8-KMaterial AgreementsExhibits & Filings

CARDINAL HEALTH INC 8-K Report, Material Agreement (Nov 6, 2006)

Filed November 6, 2006For Securities:CAH

Summary

Cardinal Health, Inc. (CAH) filed an 8-K on November 6, 2006, reporting on a material definitive agreement. Specifically, the company's wholly-owned subsidiary, Cardinal Health Funding, LLC, entered into a second amendment and restatement of its receivables purchase agreement on October 31, 2006. This amendment extends an $800 million revolving receivables purchase facility for an additional 364 days.
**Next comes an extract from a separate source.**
(* Let $\mathbb{A}$ be a 2-category and $p:e\to b$ a 1-cell such that $\mathbb{A}$ has the two-dimensional cokernel diagram of $p$, a right Kan extension $(t,\gamma)$ of $p$ along $p$ exists, and it is preserved by $\delta^0:b\to b\uparrow_pb$. Let $\ell:b\uparrow_pb\to b$ be the unique 1-cell with $\ell\delta^0=\mathrm{id}_b$, $\ell\delta^1=t$, $\mathrm{id}_\ell\ast\alpha=\gamma$, and let $\bar\ell:b\uparrow_pb\uparrow_pb\to b$ be the unique 1-cell with $\bar\ell D^0=\ell$ and $\bar\ell D^2=t\ell$. Then $\bar\ell D^1$ is the unique 1-cell $k:b\uparrow_pb\to b$ such that $k\delta^1=tt$, $k\delta^0=\mathrm{id}_b$ and $\mathrm{id}_k\ast\alpha=\gamma\cdot(\mathrm{id}_t\ast\gamma)$.
   Context: A 2-category is a $\mathbf{Cat}$-enriched category; composition of 1-cells is juxtaposition, vertical composition of 2-cells is $\cdot$, horizontal composition is $\ast$, $\mathrm{id}_f$ is the identity 2-cell on $f$. Opcomma object of $p$ along itself: an object $b\uparrow_p b$ with 1-cells $\delta^0,\delta^1:b\to b\uparrow_p b$ and a 2-cell $\alpha:\delta^1p\Rightarrow\delta^0p$ such that for every object $y$ the functor $h\mapsto(h\delta^0,h\delta^1,\mathrm{id}_h\ast\alpha)$, $\xi\mapsto(\xi\ast\mathrm{id}_{\delta^0},\xi\ast\mathrm{id}_{\delta^1})$ is an isomorphism from $\mathbb{A}(b\uparrow_p b,y)$ onto the category of triples $(h_0,h_1:b\to y,\ \beta:h_1p\Rightarrow h_0p)$ with morphisms pairs of 2-cells $(\xi_0:h_0\Rightarrow h_0',\xi_1:h_1\Rightarrow h_1')$ satisfying $(\xi_0\ast\mathrm{id}_p)\cdot\beta=\beta'\cdot(\xi_1\ast\mathrm{id}_p)$. Two-dimensional pushout of a span $f_0:c\to c_0$, $f_1:c\to c_1$: an object $P$ with $q_0:c_0\to P$, $q_1:c_1\to P$, $q_0f_0=q_1f_1$, such that for every $y$, $k\mapsto(kq_0,kq_1)$ is an isomorphism from $\mathbb{A}(P,y)$ onto the category of pairs $(k_0,k_1)$ with $k_0f_0=k_1f_1$, whose morphisms are pairs of 2-cells $(\xi_0,\xi_1)$ with $\xi_0\ast\mathrm{id}_{f_0}=\xi_1\ast\mathrm{id}_{f_1}$. $\mathbb{A}$ has the two-dimensional cokernel diagram of $p$ if it has an opcomma object $b\uparrow_p b$ of $p$ along itself and a two-dimensional pushout $b\uparrow_pb\uparrow_pb$ of the span $(\delta^0,\delta^1)$, with 1-cells $D^0,D^2:b\uparrow_pb\to b\uparrow_pb\uparrow_pb$ satisfying $D^2\delta^0=D^0\delta^1$. Then $D^1:b\uparrow_pb\to b\uparrow_pb\uparrow_pb$ denotes the unique 1-cell with $D^1\delta^1=D^2\delta^1$, $D^1\delta^0=D^0\delta^0$ and $\mathrm{id}_{D^1}\ast\alpha=(\mathrm{id}_{D^0}\ast\alpha)\cdot(\mathrm{id}_{D^2}\ast\alpha)$. Right Kan extension of $f:z\to y$ along $g:z\to x$: a pair $(r:x\to y,\gamma:rg\Rightarrow f)$ such that for each $k:x\to y$, $\beta\mapsto\gamma\cdot(\beta\ast\mathrm{id}_g)$ is a bijection from 2-cells $k\Rightarrow r$ to 2-cells $kg\Rightarrow f$. A 1-cell $d:y\to y'$ preserves it if $(dr,\mathrm{id}_d\ast\gamma)$ is a right Kan extension of $df$ along $g$. *)

theory Defs
  imports Main
begin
This facility is crucial for the company's liquidity and ongoing operations, allowing it to securitize its trade receivables.

Key Highlights

  • 1Cardinal Health's subsidiary, Cardinal Health Funding, LLC, amended and restated its receivables purchase agreement.
  • 2The $800 million revolving receivables purchase facility has been extended by an additional 364 days.
  • 3This agreement facilitates the securitization of the company's trade receivables through various subsidiaries and financial institutions.
  • 4The transaction structure involves the sale of existing and future trade receivables to Cardinal Health Funding, LLC.
  • 5The company, through its subsidiary Griffin Capital, LLC, acts as a servicer for these receivables.
  • 6Standard amortization events, including defaults, breaches, and changes of control, are outlined in the agreement.
  • 7Several major financial institutions, including The Bank of Nova Scotia, ABN AMRO Bank N.V., and JPMorgan Chase Bank, N.A., are involved as agents and participants in the facility.